Unlike other illegal immigrants, the U.S. could not legally deport the five men at the center of this case to their home countries. This is because they had won in U.S. courts what is called ‘fear-based relief.’ This means that a judge decided that ‘more likely than not’ they will face persecution, torture, or death should they be sent back home.

This does not grant them the right to stay in the U.S. indefinitely or mean that the U.S. cannot remove them, only that if the U.S. wants to remove them it has to be to a third country where they don’t face these fears. And usually that is very difficult to arrange, since countries are not keen to accept deportees who are not citizens.
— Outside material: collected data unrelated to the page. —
theorem pair_max_sum_positive:
  assumes P: "\<forall>v\<in>verts G. \<forall>I. I \<subseteq> out_arcs G v \<longrightarrow> finite I \<longrightarrow>
      ring_positive st (t (lsub G (lvert G v) (lrange_sum G I)))"
    and J: "finite J" and \<pi>: "\<And>i. i \<in> J \<Longrightarrow> path_pair G (\<pi> i)"
  shows "ring_positive st (\<Sum>i\<in>J. \<Sum>j\<in>J. sm (c i * cj (c j))
      (case pair_max (\<pi> i) (\<pi> j) of None \<Rightarrow> 0 | Some z \<Rightarrow> pair_trace G t z))"
proof -
  define D where "D = {z. path_pair G z \<and> (\<exists>i\<in>J. pair_prefix z (\<pi> i))}"
  define N where "N z = prefix_weight c \<pi> J z * cj (prefix_weight c \<pi> J z)" for z
  define T where "T = pair_trace G t"
  define children where "children w = {e. pair_extend w [e] \<in> D}" for w
  have finD: "finite D"
    by (rule finite_subset[of _ "\<Union>i\<in>J. {z. pair_prefix z (\<pi> i)}"])
      (auto simp: D_def intro!: finite_UN_I J finite_pair_prefixes)
  have closed: "w \<in> D" if "z \<in> D" "pair_parent z = Some w" for z w
    using that pair_parent_prefix[OF that(2)] path_pair_prefix[OF wf] pair_prefix_trans
    unfolding D_def by blast
  have \<pi>D: "\<pi> i \<in> D" if "i \<in> J" for i
    using that \<pi> by (auto simp: D_def intro!: bexI[of _ i])
  have max_in_D: "z \<in> D" if "i \<in> J" "j \<in> J" "pair_max (\<pi> i) (\<pi> j) = Some z" for i j z
    using that \<pi>D by (auto simp: pair_max_def split: if_splits)
  have "(\<Sum>i\<in>J. \<Sum>j\<in>J. sm (c i * cj (c j)) (case pair_max (\<pi> i) (\<pi> j) of None \<Rightarrow> 0 | Some z \<Rightarrow> T z))
      = (\<Sum>z\<in>D. sm (\<Sum>i\<in>J. \<Sum>j\<in>J. if pair_max (\<pi> i) (\<pi> j) = Some z then c i * cj (c j) else 0) (T z))"
    by (rule sum_sum_regroup_option[OF ia finD max_in_D])
  also have "\<dots> = (\<Sum>z\<in>D. sm (N z - (case pair_parent z of None \<Rightarrow> 0 | Some w \<Rightarrow> N w)) (T z))"
    by (intro sum.cong refl) (simp only: N_def norm_prefix_weight_parent_diff[OF cj])
  also have "\<dots> = (\<Sum>w\<in>D. sm (N w) (T w - (\<Sum>e\<in>children w. T (pair_extend w [e]))))"
    by (simp add: sum_subtractf involutive_algebra_sm(7,8)[OF ia] children_def
        sum_regroup_parent[OF ia finD closed])
  finally have sum_eq: "(\<Sum>i\<in>J. \<Sum>j\<in>J. sm (c i * cj (c j)) (case pair_max (\<pi> i) (\<pi> j) of None \<Rightarrow> 0 | Some z \<Rightarrow> T z))
      = (\<Sum>w\<in>D. sm (N w) (T w - (\<Sum>e\<in>children w. T (pair_extend w [e]))))" .
  have node: "ring_positive st (T w - (\<Sum>e\<in>children w. T (pair_extend w [e])))" if "w \<in> D" for w
  proof (rule pair_trace_minus_children_positive[OF P, folded T_def])
    show "path_pair G w"
      using that by (simp add: D_def)
    show "finite (children w)"
      using finite_vimageI[OF finD, of "\<lambda>e. pair_extend w [e]"]
      by (simp add: children_def vimage_def inj_def pair_extend_def)
    show "path_pair G (pair_extend w [e])" if "e \<in> children w" for e
      using that by (simp add: children_def D_def)
  qed
  then show ?thesis
    unfolding sum_eq T_def[symmetric] by (intro ring_positive_sum) (simp add: N_def ring_positive_sm_norm[OF ia] node)
qed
But the Trump administration got Ghana to take them, and the U.S. also got Ghana to write what’s called a ‘diplomatic note’ stating that Ghana would not torture these individuals or send them to a place where they would be tortured. This made removal of these five men to Ghana, even though they have no connection to Ghana whatsoever, no friends or family there, and no access there to help, legally okay.

Then it turns out the conditions of this diplomatic note were not followed, or perhaps that Ghana’s supposed commitment not to send these people to a place they face torture was even a sham from the start. The five individuals allege that already while they were on the plane to Ghana, ICE officers told them they were going to be taken from there to their home countries. One of the five was in fact returned to his home country the day after his arrival in Ghana, and Ghana authorities have stated that the same will shortly be done to the remaining four as well.

These five men sued for relief in a U.S. District Court, claiming the U.S. government was violating the protection they had been granted by U.S. courts against being returned to their home country. The judge wrote she was ‘alarmed and dismayed’ by the government’s actions, but reluctantly denied their request. She said the reason is that judges cannot evaluate or second guess diplomatic agreements such as the one between the U.S. and Ghana, as that would be an intrusion into foreign policy. And now that the men are in Ghana, she has no jurisdiction to tell the government of Ghana what to do. In other words, she wrote in conclusion, her hands are tied.

The question therefore becomes, what is the solution? In a world divided into nearly 200 independent, sovereign countries, what can stop a government from using another country to easily get around whatever domestic legal restrictions it wants to evade? Since every country’s judicial system only has jurisdiction over its own territory, it seems quite simple for governments to get around their judiciaries by outsourcing whatever dirty deeds they want to commit to each other. This is particularly true for powerful countries such as the United States, which can offer money or other incentives for smaller countries to do its bidding.

The obvious answer would be to dream of some world body in charge of enforcing the law, but there does not seem to be any scenario by which that could be created. There is also plenty of reason to worry that some powerful new organization with jurisdiction over the whole world would end up being biased and corrupt, no matter how good the intentions behind it.

So is the only answer to hope that citizens don’t like their government circumventing the courts to violate human rights and vote out governments that do this? It may turn out that these sorts of things are a low priority for voters, and even at best that’s a long term process which offers no help to the five people whose rights are being violated now. Is there any other answer? I’m anxious to hear your thoughts.